TASK DIRECTIONS: Return all lines from the listing below in which the string "cases" occurs.
#### DATA FOR REVIEW
(* Let $Z\subseteq\{0,1\}^n$. For $\bm\alpha\in\mathbb R^n$ let $$C(\bm\alpha)=\Big\{(\bm x,\bm z)\in\mathbb R^n\times\operatorname{conv}(Z):\ \sum_{i=1}^n|\alpha_ix_i|\le\sqrt{\textstyle\sum_{i=1}^n\alpha_i^2z_i}\Big\},\qquad \bar C=\bigcap_{\bm\alpha\in\mathbb R^n}C(\bm\alpha).$$ Then $\bar C=R_{\mathrm{persp}}$, where $$R_{\mathrm{persp}}=\Big\{(\bm x,\bm z)\in\mathbb R^n\times\operatorname{conv}(Z):\ \sum_{i=1}^n\frac{x_i^2}{z_i}\le1\Big\}.$$
   Context: Division convention: $a/b=0$ if $a=b=0$, and $a/b=+\infty$ if $b=0$ and $a\neq0$ (so $x_i^2/z_i=+\infty$ when $z_i=0\ne x_i$). $\operatorname{conv}$ denotes the convex hull. *)

theory Defs
  imports "HOL-Analysis.Analysis" "HOL-Library.Extended_Real"
begin

definition pdiv :: "real \<Rightarrow> real \<Rightarrow> ereal" where
  "pdiv a b = (if b = 0 then (if a = 0 then 0 else PInfty) else ereal (a / b))"

definition C_alpha :: "(real^'n) set \<Rightarrow> real^'n \<Rightarrow> ((real^'n) \<times> (real^'n)) set" where
  "C_alpha Z \<alpha> = {(x, z). z \<in> convex hull Z \<and>
      (\<Sum>i\<in>UNIV. \<bar>\<alpha>$i * x$i\<bar>) \<le> sqrt (\<Sum>i\<in>UNIV. (\<alpha>$i)\<^sup>2 * z$i)}"

definition C_bar :: "(real^'n) set \<Rightarrow> ((real^'n) \<times> (real^'n)) set" where
  "C_bar Z = (\<Inter>\<alpha>\<in>UNIV. C_alpha Z \<alpha>)"

definition R_persp :: "(real^'n) set \<Rightarrow> ((real^'n) \<times> (real^'n)) set" where
  "R_persp Z = {(x, z). z \<in> convex hull Z \<and>
      (\<Sum>i\<in>UNIV. pdiv ((x$i)\<^sup>2) (z$i)) \<le> 1}"

end

theory Submission
  imports Defs
begin

text \<open>
  For z \<ge> 0 with x vanishing wherever z does, Cauchy--Schwarz applied to the vectors
  (\<alpha>_i sqrt z_i) and (x_i / sqrt z_i) gives
  \<Sum> |\<alpha>_i x_i| \<le> sqrt (\<Sum> \<alpha>_i^2 z_i) * sqrt (\<Sum> x_i^2 / z_i),
  so the perspective constraint implies every constraint defining C(\<alpha>).
  Conversely, the test vector \<alpha> = e_i shows that x_i = 0 whenever z_i = 0, and the
  test vector \<alpha>_i = x_i / z_i, for which both sides reduce to S = \<Sum> x_i^2 / z_i,
  gives S \<le> sqrt S, i.e. S \<le> 1. The hypothesis Z \<subseteq> {0,1}^n only serves to make z \<ge> 0.
\<close>

lemma convex_hull_nonneg_cart:
  fixes Z :: "(real^'n) set"
  assumes "\<forall>z\<in>Z. \<forall>i. 0 \<le> z$i" and "z \<in> convex hull Z"
  shows "0 \<le> z$i"
proof -
  have "convex hull Z \<subseteq> {z. \<forall>i. 0 \<le> z$i}"
    using assms(1) by (intro hull_minimal convex_box_cart) (auto simp: atLeast_def[symmetric])
  then show ?thesis
    using assms(2) by blast
qed

lemma sum_pdiv_square_le_ereal_iff:
  fixes x z :: "'a \<Rightarrow> real"
  assumes "finite A" and nonneg: "\<forall>i\<in>A. 0 \<le> z i"
  shows "(\<Sum>i\<in>A. pdiv ((x i)\<^sup>2) (z i)) \<le> ereal c \<longleftrightarrow>
    (\<forall>i\<in>A. z i = 0 \<longrightarrow> x i = 0) \<and> (\<Sum>i\<in>A. (x i)\<^sup>2 / z i) \<le> c"
proof (cases "\<forall>i\<in>A. z i = 0 \<longrightarrow> x i = 0")
  case True
  then have "pdiv ((x i)\<^sup>2) (z i) = ereal ((x i)\<^sup>2 / z i)" if "i \<in> A" for i
    using that by (simp add: pdiv_def)
  then have "(\<Sum>i\<in>A. pdiv ((x i)\<^sup>2) (z i)) = ereal (\<Sum>i\<in>A. (x i)\<^sup>2 / z i)"
    by simp
  with True show ?thesis
    by simp
next
  case False
  then obtain k where k: "k \<in> A" "z k = 0" "x k \<noteq> 0"
    by blast
  have "(\<Sum>i\<in>A. pdiv ((x i)\<^sup>2) (z i))
      = pdiv ((x k)\<^sup>2) (z k) + (\<Sum>i\<in>A - {k}. pdiv ((x i)\<^sup>2) (z i))"
    using \<open>finite A\<close> k(1) by (simp add: sum.remove)
  also have "\<dots> = \<infinity>"
    using k nonneg by (simp add: pdiv_def sum_nonneg)
  finally show ?thesis
    using False by simp
qed

lemma sum_abs_mult_le_perspective:
  fixes x z \<alpha> :: "'a \<Rightarrow> real"
  assumes nonneg: "\<forall>i\<in>A. 0 \<le> z i" and support: "\<forall>i\<in>A. z i = 0 \<longrightarrow> x i = 0"
  shows "(\<Sum>i\<in>A. \<bar>\<alpha> i * x i\<bar>)
    \<le> sqrt (\<Sum>i\<in>A. (\<alpha> i)\<^sup>2 * z i) * sqrt (\<Sum>i\<in>A. (x i)\<^sup>2 / z i)"
proof -
  define f where "f i = \<alpha> i * sqrt (z i)" for i
  define g where "g i = x i / sqrt (z i)" for i
  have "\<bar>\<alpha> i * x i\<bar> = \<bar>f i\<bar> * \<bar>g i\<bar>" if "i \<in> A" for i
    using that nonneg support by (cases "z i = 0") (auto simp: f_def g_def abs_mult)
  then have "(\<Sum>i\<in>A. \<bar>\<alpha> i * x i\<bar>) \<le> L2_set f A * L2_set g A"
    using L2_set_mult_ineq[of f g A] by simp
  also have "L2_set f A = sqrt (\<Sum>i\<in>A. (\<alpha> i)\<^sup>2 * z i)"
    unfolding L2_set_def f_def using nonneg by (intro arg_cong[where f = sqrt] sum.cong)
      (auto simp: power_mult_distrib)
  also have "L2_set g A = sqrt (\<Sum>i\<in>A. (x i)\<^sup>2 / z i)"
    unfolding L2_set_def g_def using nonneg by (intro arg_cong[where f = sqrt] sum.cong)
      (auto simp: power_divide)
  finally show ?thesis .
qed

lemma zero_weight_imp_zero_if_weighted_l1_bounded:
  fixes x z :: "'a \<Rightarrow> real"
  assumes "finite A" and "k \<in> A" and "z k = 0"
    and bounded: "\<forall>\<alpha>. (\<Sum>i\<in>A. \<bar>\<alpha> i * x i\<bar>) \<le> sqrt (\<Sum>i\<in>A. (\<alpha> i)\<^sup>2 * z i)"
  shows "x k = 0"
proof -
  define \<alpha> :: "'a \<Rightarrow> real" where "\<alpha> i = (if i = k then 1 else 0)" for i
  have "(\<Sum>i\<in>A. \<bar>\<alpha> i * x i\<bar>) = (\<Sum>i\<in>A. if i = k then \<bar>x k\<bar> else 0)"
    and "(\<Sum>i\<in>A. (\<alpha> i)\<^sup>2 * z i) = (\<Sum>i\<in>A. if i = k then z k else 0)"
    by (auto simp: \<alpha>_def intro: sum.cong)
  then have "(\<Sum>i\<in>A. \<bar>\<alpha> i * x i\<bar>) = \<bar>x k\<bar>" and "(\<Sum>i\<in>A. (\<alpha> i)\<^sup>2 * z i) = 0"
    using assms(1-3) by simp_all
  then show ?thesis
    using bounded[rule_format, of \<alpha>] by simp
qed

lemma perspective_le_1_if_weighted_l1_bounded:
  fixes x z :: "'a \<Rightarrow> real"
  assumes nonneg: "\<forall>i\<in>A. 0 \<le> z i" and support: "\<forall>i\<in>A. z i = 0 \<longrightarrow> x i = 0"
    and bounded: "\<forall>\<alpha>. (\<Sum>i\<in>A. \<bar>\<alpha> i * x i\<bar>) \<le> sqrt (\<Sum>i\<in>A. (\<alpha> i)\<^sup>2 * z i)"
  shows "(\<Sum>i\<in>A. (x i)\<^sup>2 / z i) \<le> 1"
proof -
  define S where "S = (\<Sum>i\<in>A. (x i)\<^sup>2 / z i)"
  define \<alpha> where "\<alpha> i = x i / z i" for i
  have "(\<Sum>i\<in>A. \<bar>\<alpha> i * x i\<bar>) = S"
    unfolding S_def \<alpha>_def using nonneg
    by (intro sum.cong) (auto simp: abs_mult power2_eq_square)
  moreover have "(\<Sum>i\<in>A. (\<alpha> i)\<^sup>2 * z i) = S"
    unfolding S_def \<alpha>_def using nonneg support
    by (intro sum.cong) (auto simp: power2_eq_square)
  ultimately have "S \<le> sqrt S"
    using bounded[rule_format, of \<alpha>] by simp
  moreover have "0 \<le> S"
    unfolding S_def using nonneg by (auto intro: sum_nonneg)
  ultimately have "S * S \<le> S"
    using mult_mono[of S "sqrt S" S "sqrt S"] by simp
  with \<open>0 \<le> S\<close> show ?thesis
    unfolding S_def[symmetric] by (cases "S = 0") (auto simp: mult_le_cancel_left1)
qed

lemma weighted_l1_bounded_iff_perspective_le_1:
  fixes x z :: "'a \<Rightarrow> real"
  assumes "finite A" and nonneg: "\<forall>i\<in>A. 0 \<le> z i"
  shows "(\<forall>\<alpha>. (\<Sum>i\<in>A. \<bar>\<alpha> i * x i\<bar>) \<le> sqrt (\<Sum>i\<in>A. (\<alpha> i)\<^sup>2 * z i)) \<longleftrightarrow>
    (\<forall>i\<in>A. z i = 0 \<longrightarrow> x i = 0) \<and> (\<Sum>i\<in>A. (x i)\<^sup>2 / z i) \<le> 1"
proof (intro iffI; (elim conjE)?)
  assume bounded: "\<forall>\<alpha>. (\<Sum>i\<in>A. \<bar>\<alpha> i * x i\<bar>) \<le> sqrt (\<Sum>i\<in>A. (\<alpha> i)\<^sup>2 * z i)"
  have support: "\<forall>i\<in>A. z i = 0 \<longrightarrow> x i = 0"
    using zero_weight_imp_zero_if_weighted_l1_bounded[OF \<open>finite A\<close> _ _ bounded] by blast
  with perspective_le_1_if_weighted_l1_bounded[OF nonneg support bounded]
  show "(\<forall>i\<in>A. z i = 0 \<longrightarrow> x i = 0) \<and> (\<Sum>i\<in>A. (x i)\<^sup>2 / z i) \<le> 1"
    by blast
next
  assume support: "\<forall>i\<in>A. z i = 0 \<longrightarrow> x i = 0"
    and perspective: "(\<Sum>i\<in>A. (x i)\<^sup>2 / z i) \<le> 1"
  show "\<forall>\<alpha>. (\<Sum>i\<in>A. \<bar>\<alpha> i * x i\<bar>) \<le> sqrt (\<Sum>i\<in>A. (\<alpha> i)\<^sup>2 * z i)"
  proof
    fix \<alpha> :: "'a \<Rightarrow> real"
    have "(\<Sum>i\<in>A. \<bar>\<alpha> i * x i\<bar>)
        \<le> sqrt (\<Sum>i\<in>A. (\<alpha> i)\<^sup>2 * z i) * sqrt (\<Sum>i\<in>A. (x i)\<^sup>2 / z i)"
      using sum_abs_mult_le_perspective[OF nonneg support] .
    also have "\<dots> \<le> sqrt (\<Sum>i\<in>A. (\<alpha> i)\<^sup>2 * z i)"
      using perspective nonneg by (intro mult_right_le_one_le) (auto intro!: sum_nonneg)
    finally show "(\<Sum>i\<in>A. \<bar>\<alpha> i * x i\<bar>) \<le> sqrt (\<Sum>i\<in>A. (\<alpha> i)\<^sup>2 * z i)" .
  qed
qed

lemma mem_C_bar_iff:
  fixes x z :: "real^'n"
  shows "(x, z) \<in> C_bar Z \<longleftrightarrow> z \<in> convex hull Z \<and>
    (\<forall>\<alpha>. (\<Sum>i\<in>UNIV. \<bar>\<alpha> i * x$i\<bar>) \<le> sqrt (\<Sum>i\<in>UNIV. (\<alpha> i)\<^sup>2 * z$i))"
proof -
  define bounded where
    "bounded \<alpha> \<longleftrightarrow> (\<Sum>i\<in>UNIV. \<bar>\<alpha> i * x$i\<bar>) \<le> sqrt (\<Sum>i\<in>UNIV. (\<alpha> i)\<^sup>2 * z$i)"
    for \<alpha> :: "'n \<Rightarrow> real"
  have "(x, z) \<in> C_bar Z \<longleftrightarrow> z \<in> convex hull Z \<and> (\<forall>\<alpha>::real^'n. bounded (\<lambda>i. \<alpha>$i))"
    unfolding C_bar_def C_alpha_def bounded_def by simp
  also have "(\<forall>\<alpha>::real^'n. bounded (\<lambda>i. \<alpha>$i)) \<longleftrightarrow> (\<forall>\<alpha>. bounded \<alpha>)"
  proof
    assume "\<forall>\<alpha>::real^'n. bounded (\<lambda>i. \<alpha>$i)"
    then have "bounded (\<lambda>i. (\<chi> j. \<alpha> j)$i)" for \<alpha>
      by blast
    then show "\<forall>\<alpha>. bounded \<alpha>"
      by simp
  qed simp
  finally show ?thesis
    unfolding bounded_def .
qed

theorem proposition5:
  fixes Z :: "(real^'n) set"
  assumes "\<forall>z\<in>Z. \<forall>i. z$i \<in> {0, 1}"
  shows "C_bar Z = R_persp Z"
proof (intro set_eqI)
  fix p :: "(real^'n) \<times> (real^'n)"
  obtain x z where p: "p = (x, z)"
    by fastforce
  show "p \<in> C_bar Z \<longleftrightarrow> p \<in> R_persp Z"
  proof (cases "z \<in> convex hull Z")
    case True
    moreover have "\<forall>z\<in>Z. \<forall>i. 0 \<le> z$i"
      using assms by (metis empty_iff insert_iff order_refl zero_le_one)
    ultimately have nonneg: "\<forall>i\<in>UNIV. 0 \<le> z$i"
      using convex_hull_nonneg_cart by blast
    show ?thesis
      unfolding p mem_C_bar_iff R_persp_def
      using True weighted_l1_bounded_iff_perspective_le_1[OF finite nonneg, of "\<lambda>i. x$i"]
        sum_pdiv_square_le_ereal_iff[OF finite nonneg, of "\<lambda>i. x$i" 1]
      by (simp add: one_ereal_def)
  next
    case False
    then show ?thesis
      unfolding p mem_C_bar_iff R_persp_def by simp
  qed
qed

end
section \<open>Incommensurable bases\<close>

lemma cluster_value_log_exponent_if_irrational:
  assumes a: "a > 1" and b: "b > 1" and irr: "ln a / ln b \<notin> \<rat>"
  shows "cluster_value (\<lambda>n m. real m * ln b - real n * ln a) y"
  unfolding cluster_value_def dist_real_def
proof (intro allI impI)
  fix \<epsilon> :: real and N :: nat assume "\<epsilon> > 0"
  define \<theta> where "\<theta> = ln a / ln b"
  have "ln a > 0" "ln b > 0" using a b by simp_all
  then have "\<theta> > 0" and ln_a: "ln a = \<theta> * ln b" unfolding \<theta>_def by simp_all
  obtain M\<^sub>0 :: nat where M\<^sub>0: "real N + 1 - y / ln b < real M\<^sub>0 * \<theta>"
    using reals_Archimedean3[OF \<open>\<theta> > 0\<close>] by blast
  define M where "M = max M\<^sub>0 N"
  have "real M\<^sub>0 * \<theta> \<le> real M * \<theta>"
    using \<open>\<theta> > 0\<close> unfolding M_def by (intro mult_right_mono) simp_all
  then have M: "real N + 1 - y / ln b < real M * \<theta>"
    using M\<^sub>0 by linarith
  define \<delta> where "\<delta> = min (\<epsilon> / ln b) 1"
  have "\<delta> > 0" unfolding \<delta>_def using \<open>\<epsilon> > 0\<close> \<open>ln b > 0\<close> by simp
  then obtain h k :: int where "k > 0" and hk: "\<bar>of_int k * \<theta> - of_int h - (- y / ln b - real M * \<theta>)\<bar> < \<delta>"
    using sequence_of_fractional_parts_is_dense[OF irr[folded \<theta>_def]] by metis
  have "of_int k * \<theta> \<ge> 0" using \<open>k > 0\<close> \<open>\<theta> > 0\<close> by simp
  then have h_large: "real_of_int h > real N"
    using hk M unfolding \<delta>_def by linarith
  define n where "n = M + nat k"
  define m where "m = nat h"
  have n: "real n = real M + of_int k" unfolding n_def using \<open>k > 0\<close> by simp
  have m: "real m = of_int h" unfolding m_def using h_large by simp
  have "real m * ln b - real n * ln a - y
      = - ln b * (of_int k * \<theta> - of_int h - (- y / ln b - real M * \<theta>))"
    unfolding n m ln_a using \<open>ln b > 0\<close> by (simp add: field_simps)
  also have "\<bar>\<dots>\<bar> < ln b * \<delta>"
    using hk \<open>ln b > 0\<close> by (simp add: abs_mult)
  also have "\<dots> \<le> \<epsilon>"
    unfolding \<delta>_def using \<open>ln b > 0\<close> by (simp add: min_def field_simps)
  finally have "\<bar>real m * ln b - real n * ln a - y\<bar> < \<epsilon>" .
  moreover have "N \<le> n" "N \<le> m"
    using h_large unfolding n_def m_def M_def by auto
  ultimately show "\<exists>n\<ge>N. \<exists>m\<ge>N. \<bar>real m * ln b - real n * ln a - y\<bar> < \<epsilon>"
    by blast
qed

lemma cluster_value_cord_weight_if_irrational:
  assumes a: "a > 1" and b: "b > 1" and irr: "ln a / ln b \<notin> \<rat>" and t: "t \<in> {0..1}"
  shows "cluster_value (cord_weight a b) t"
proof -
  have weight: "cord_weight a b = (\<lambda>n m. logistic (real m * ln b - real n * ln a))"
    using a b by (intro ext) (simp add: cord_weight_eq_logistic)
  have "cluster_value (cord_weight a b) s" if "s \<in> {0<..<1}" for s
  proof -
    have "logistic (ln (s / (1 - s))) = s"
      using that by (simp add: logistic_logit)
    then show ?thesis
      using cluster_value_isCont[OF cluster_value_log_exponent_if_irrational[OF a b irr] isCont_logistic]
      unfolding weight by metis
  qed
  then have "closure {0<..<1} \<subseteq> {s. cluster_value (cord_weight a b) s}"
    by (intro closure_minimal closed_cluster_values) blast
  then show ?thesis
    using t by auto
qed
########
THE ANSWER:
proof (cases "\<forall>i\<in>A. z i = 0 \<longrightarrow> x i = 0")
    using that nonneg support by (cases "z i = 0") (auto simp: f_def g_def abs_mult)
    unfolding S_def[symmetric] by (cases "S = 0") (auto simp: mult_le_cancel_left1)
  proof (cases "z \<in> convex hull Z")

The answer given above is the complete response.